Silvio Almeida, ministro dos Direitos Humanos e da Cidadania
Expressões da cultura popular também ocuparam a Expo
Outros espaços ocupados por mareenses no primeiro dia de ExpoFavela foram a palestra e o Favela Literária. Neste, o ilustrador Renato Cafuzo apresentou Moleque Piranha, obra infantil na qual ele estreia como autor. Acompanhado da filha Sophia Lourenço, ele apresentou o livro, que faz referência a um desenho criado há 10 anos: o peixe Moleque Piranha, já colado como adesivo em muitas ruas da Maré. Com o nascimento de Sophia em 2014 e sua proximidade cada vez maior com as crianças, Renato começou a idealizar um livro infantil que tivesse, ao mesmo tempo, o peixe já conhecido, personagens inspirados em sua memória e uma história que falasse sobre o senso de comunidade existente tanto entre os animais – como é o caso da piranha – quando no cotidiano da favela. Mas realizar o livro físico só foi possível mesmo depois que ele acessou o edital Cultura Presente nas Redes, da Secretaria de Cultura e Economia Criativa do estado do Rio. Com a verba, foi possível não só fazer e imprimir o livro como fazer um documentário, um Guia de Atividades para espaços de educação e o lançamento em alguns lugares.
Outro fato sobre o livro é a homenagem que ele faz a dois mareenses que perdemos nos últimos anos: Cadu Barcellos, cineasta que era amigo próximo de Renato e faleceu em 2020, representado no livro pelo personagem Caeu; e Marielle Franco, representada na professora Tia Mari.
“Muitas vezes a gente também é visto dessa forma, como algo negativo, mal compreendido, mas que faz bem pro ambiente onde vive”.
Renato Cafuzo, autor de Moleque Piranha
Com o nome A Rua como Construção de Arte, a palestra de Kamila Camillo foi uma das últimas do dia. Moradora da Nova Holanda e fotógrafa há cerca de 20 anos, ela falou sobre sua exposição fotográfica Faveladas, que retrata mulheres – e suas famílias – de lugares da Maré como o Conjunto Habitacional dos Tijolinhos, na NH. Acompanhada da curadora Rosilene Miliotti, ela falou sobre fotografia popular, abordando temas como a necessidade de haver intimidade, responsabilidade e confiança ao se fotografar pessoas em suas casas, e sobre ser esse tipo de trabalho também um lado da fotografia popular que mostra o dia a dia, a beleza do cotidiano sem explorar, por exemplo, as mazelas da favela.

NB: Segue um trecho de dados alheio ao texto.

lemma unif_cont_E_if_dominated_by_delta:
  fixes q :: "'i \<Rightarrow> 'e::ab_group_add \<Rightarrow> real" and g :: "'a::metric_space \<Rightarrow> 'e"
  assumes \<delta>: "delta_unif_cont F sn"
    and dominated: "\<And>I. finite I \<Longrightarrow> \<exists>\<K> C. finite \<K> \<and> \<K> \<subseteq> acx_compacts F sn \<and> 0 \<le> C \<and>
        (\<forall>x y. ennreal (\<Sum>i\<in>I. q i (g x - g y))
               \<le> ennreal C * (\<Sum>K\<in>\<K>. kappa_sn K (\<lambda>f. delta F x f - delta F y f)))"
  shows "unif_cont_E q g"
  unfolding unif_cont_E_def
proof (intro allI impI)
  fix I :: "'i set" and e :: real
  assume "finite I \<and> 0 < e"
  then have I: "finite I" and e: "0 < e" by auto
  obtain \<K> C where \<K>: "finite \<K>" "\<K> \<subseteq> acx_compacts F sn" and C: "0 \<le> C"
    and bound: "\<And>x y. ennreal (\<Sum>i\<in>I. q i (g x - g y))
               \<le> ennreal C * (\<Sum>K\<in>\<K>. kappa_sn K (\<lambda>f. delta F x f - delta F y f))"
    using dominated[OF I] by blast
  define e' where "e' = e / (C + 1)"
  have e': "0 < e'" "C * e' < e"
    using e C by (auto simp: e'_def field_simps)
  obtain \<eta> where \<eta>: "\<eta> > 0" "\<And>x y. dist x y < \<eta> \<Longrightarrow>
      (\<Sum>K\<in>\<K>. kappa_sn K (\<lambda>f. delta F x f - delta F y f)) < ennreal e'"
    using \<delta> \<K> e'(1) unfolding delta_unif_cont_def by blast
  have "(\<Sum>i\<in>I. q i (g x - g y)) < e" if "dist x y < \<eta>" for x y
  proof -
    have "ennreal (\<Sum>i\<in>I. q i (g x - g y)) \<le> ennreal C * ennreal e'"
      using bound[of x y] \<eta>(2)[OF that] by (meson less_imp_le mult_left_mono order_trans zero_le)
    also have "\<dots> = ennreal (C * e')" using C e' by (simp add: ennreal_mult)
    also have "\<dots> < ennreal e" using e' C by (subst ennreal_less_iff) auto
    finally show ?thesis
      using e by (cases "0 \<le> (\<Sum>i\<in>I. q i (g x - g y))") (auto simp: ennreal_less_iff)
  qed
  with \<eta>(1) show "\<exists>\<eta>>0. \<forall>x y. dist x y < \<eta> \<longrightarrow> (\<Sum>i\<in>I. q i (g x - g y)) < e" by blast
qed

theorem proposition4p6:
  fixes AP :: "('a::metric_space \<Rightarrow> 'k::real_normed_field) set"
    and domT :: "'m \<Rightarrow> ('a \<Rightarrow> 'k) set"
    and T :: "'m \<Rightarrow> ('a \<Rightarrow> 'k) \<Rightarrow> 'w \<Rightarrow> 'k"
    and \<omega> :: "'m \<Rightarrow> 'w set"
    and \<nu> :: "'j \<Rightarrow> 'm \<Rightarrow> 'w \<Rightarrow> real"
    and sc :: "'k \<Rightarrow> 'e::ab_group_add \<Rightarrow> 'e"
    and q :: "'i \<Rightarrow> 'e \<Rightarrow> real"
  assumes frame: "fv_framework AP domT T \<omega> \<nu>"
    and E: "lc_hausdorff sc q"
    and E_nontriv: "\<exists>e::'e. e \<noteq> 0"
    and dom: "dom_space (FV AP domT T \<omega> \<nu>) (fv_sn T \<omega> \<nu>)"
    and Cu: "\<forall>f\<in>FV AP domT T \<omega> \<nu>. uniformly_continuous_on UNIV f"
    and \<delta>: "delta_unif_cont (FV AP domT T \<omega> \<nu>) (fv_sn T \<omega> \<nu>)"
  shows "\<forall>u\<in>eps_prod (FV AP domT T \<omega> \<nu>) (fv_sn T \<omega> \<nu>) sc q.
           unif_cont_E q (\<lambda>x. u (delta (FV AP domT T \<omega> \<nu>) x))"
proof
  let ?F = "FV AP domT T \<omega> \<nu>" and ?sn = "fv_sn T \<omega> \<nu>"
  fix u assume u: "u \<in> eps_prod ?F ?sn sc q"
  have vs: "Vector_Spaces.vector_space sc" and q_nonneg: "\<And>i e. 0 \<le> q i e"
    using E unfolding lc_hausdorff_def by blast+
  have delta_dual: "delta ?F x \<in> dual ?F ?sn" for x
    using dom unfolding dom_space_def by blast
  have u_delta_diff: "u (delta ?F x) - u (delta ?F y) = u (\<lambda>f. delta ?F x f - delta ?F y f)" for x y
    using eps_prod_diff[OF vs u delta_dual delta_dual] by simp
  have delta_diff_dual: "(\<lambda>f. delta ?F x f - delta ?F y f) \<in> dual ?F ?sn" for x y
    using dual_diff[OF fv_sn_nonneg[OF frame] delta_dual delta_dual] .
  show "unif_cont_E q (\<lambda>x. u (delta ?F x))"
  proof (rule unif_cont_E_if_dominated_by_delta[OF \<delta>])
    fix I :: "'i set" assume "finite I"
    then obtain \<K> C where "finite \<K>" "\<K> \<subseteq> acx_compacts ?F ?sn" "0 \<le> C"
      "\<And>y. y \<in> dual ?F ?sn \<Longrightarrow>
        ennreal (\<Sum>i\<in>I. q i (u y)) \<le> ennreal C * (\<Sum>K\<in>\<K>. kappa_sn K y)"
      using eps_prod_sum_bound[OF q_nonneg u] by blast
    then show "\<exists>\<K> C. finite \<K> \<and> \<K> \<subseteq> acx_compacts ?F ?sn \<and> 0 \<le> C \<and>
        (\<forall>x y. ennreal (\<Sum>i\<in>I. q i (u (delta ?F x) - u (delta ?F y)))
           \<le> ennreal C * (\<Sum>K\<in>\<K>. kappa_sn K (\<lambda>f. delta ?F x f - delta ?F y f)))"
      unfolding u_delta_diff using delta_diff_dual by blast
  qed
qed
theorem mainTheorem4:
  fixes u uh :: "nat \<Rightarrow> complex" and P Q :: "nat \<Rightarrow> complex poly"
    and a b :: "nat \<Rightarrow> complex" and c :: complex and \<alpha> :: "nat \<Rightarrow> nat \<Rightarrow> complex"
  assumes qd_u: "quasi_definite u" and smop_P: "is_SMOP u P"
    and rec_P: "\<forall>n. [:0, 1:] * P n = P (Suc n) + smult (b n) (P n)
                       + (if n = 0 then 0 else smult (a n) (P (n - 1)))"
    and a_nz: "\<forall>n\<ge>1. a n \<noteq> 0"
    and qd_uh: "quasi_definite uh" and smop_Q: "is_SMOP uh Q"
    and rel: "\<forall>p. lf u p = lf uh ([:- c, 1:] ^ 2 * p)"
    and expan: "\<forall>n. Q n = P n + (\<Sum>m<n. smult (\<alpha> n m) (P m))"
  shows "(\<forall>n m. m + 3 \<le> n \<longrightarrow> \<alpha> n m = 0) \<and> (\<forall>n\<ge>2. \<alpha> n (n - 2) \<noteq> 0) \<and>
    (\<exists>ah bh. (\<forall>n. [:0, 1:] * Q n = Q (Suc n) + smult (bh n) (Q n)
                     + (if n = 0 then 0 else smult (ah n) (Q (n - 1))))
       \<and> (\<forall>n. bh n = b n + (if n = 0 then 0 else \<alpha> n (n - 1)) - \<alpha> (Suc n) n)
       \<and> (\<forall>n\<ge>3. ah n = \<alpha> n (n - 2) / \<alpha> (n - 1) (n - 3) * a (n - 2))
       \<and> ah 2 = u 0 * uh 0 * \<alpha> 2 0 / (u 0 * uh 0 - (uh 1 - c * uh 0) ^ 2)
       \<and> ah 1 = (u 0 * uh 0 - (uh 1 - c * uh 0) ^ 2) / (uh 0) ^ 2)"
proof -
  define K where "K n = lf u (P n * P n)" for n
  define Kh where "Kh n = lf uh (Q n * Q n)" for n
  define bh where "bh n = lf uh ([:0, 1:] * Q n * Q n) / Kh n" for n
  define ah where "ah n = Kh n / Kh (n - 1)" for n
  have D: "degree ([:- c, 1:] ^ 2) = 2" "lead_coeff ([:- c, 1:] ^ 2) = 1"
    using lead_coeff_power[of "[:- c, 1:]" 2] by (simp_all add: degree_linear_power)
  note multiplier = smop_P smop_Q D rel[rule_format]
  have vanish: "\<alpha> n m = 0" if "m + 3 \<le> n" for n m
    using expansion_coeff_vanish[OF multiplier expan[rule_format] that] .
  have norm: "Kh n = \<alpha> n (n - 2) * K (n - 2)" if "n \<ge> 2" for n
    using norm_eq_subsubdiag_expansion_coeff[OF multiplier expan[rule_format] that]
    by (simp add: K_def Kh_def)
  have Kh_nz: "Kh n \<noteq> 0" and K_nz: "K n \<noteq> 0" for n
    using smop_norm_nonzero smop_P smop_Q by (auto simp: K_def Kh_def)
  have rec_Q: "[:0, 1:] * Q n = Q (Suc n) + smult (bh n) (Q n)
                 + (if n = 0 then 0 else smult (ah n) (Q (n - 1)))" for n
    unfolding ah_def bh_def Kh_def by (rule smop_three_term_recurrence[OF smop_Q])
  have a_norm: "a n * K (n - 1) = K n" if "n \<ge> 1" for n
    using smop_recurrence_subdiag[OF smop_P that] rec_P that by (simp add: K_def)
  have uh0: "uh 0 = Kh 0" by (simp add: Kh_def smop_0[OF smop_Q])
  have gap: "u 0 * uh 0 - (uh 1 - c * uh 0) ^ 2 = Kh 1 * uh 0"
    using multiplier_low_moments[OF smop_Q rel[rule_format]] by (simp add: Kh_def)
  have "\<alpha> n (n - 2) \<noteq> 0" if "n \<ge> 2" for n
    using norm[OF that] Kh_nz[of n] by auto
  moreover have "ah n = \<alpha> n (n - 2) / \<alpha> (n - 1) (n - 3) * a (n - 2)" if "n \<ge> 3" for n
    using that norm[of n] norm[of "n - 1"] a_norm[of "n - 2"] K_nz[of "n - 3"] Kh_nz[of "n - 1"]
    by (simp add: ah_def numeral_eq_Suc field_simps)
  moreover have "bh n = b n + (if n = 0 then 0 else \<alpha> n (n - 1)) - \<alpha> (Suc n) n" for n
    by (rule expansion_recurrence_diag[OF smop_degree[OF smop_P] smop_lead_coeff[OF smop_P]
          smop_degree[OF smop_Q] smop_lead_coeff[OF smop_Q] expan[rule_format] rec_P[rule_format] rec_Q])
  moreover have "ah 2 = u 0 * uh 0 * \<alpha> 2 0 / (u 0 * uh 0 - (uh 1 - c * uh 0) ^ 2)"
    unfolding gap using norm[of 2] Kh_nz[of 0] by (simp add: ah_def K_def smop_0[OF smop_P] uh0)
  moreover have "ah 1 = (u 0 * uh 0 - (uh 1 - c * uh 0) ^ 2) / (uh 0) ^ 2"
    unfolding gap using Kh_nz[of 0] by (simp add: ah_def uh0 power2_eq_square)
  ultimately show ?thesis
    using vanish rec_Q by blast
qed

end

“Você não está colocando a sua foto no Instagram, você está colocando a foto de uma família, está expondo. E estou colocando a intimidade da pessoa pro mundo, mas ao mesmo tempo eu estou contando histórias. Acho que o mas importante é isso, a fotografia popular é contar as narrativas da nossa vivência”.
Kamila Camillo, fotógrafa
Tendo como público moradoras que foram fotografadas, amigos e outros conhecidos da Maré, a fotógrafa levantou conversas sobre as fotos e se emocionou agradecendo as presenças.
Expo Favela Innovation 2023
Ao longo de seus 3 dias, a Expo Favela Innovation recebeu 30.714 pessoas, teve a exposição de mais de 400 empreendedores de favela e mais de 100 palestrantes. Contou com a presenças de nomes de destaque na música, no jornalismo, nos negócios, além de influenciadores. Além dos entrevistados pelo jornal, também estavam na programação da Expo outros mareenses como Walmyr Junior, da Horta-Escola Comunitária Maria Angu, a mobilizadora Pâmela Carvalho e a marca Drinks no Pote.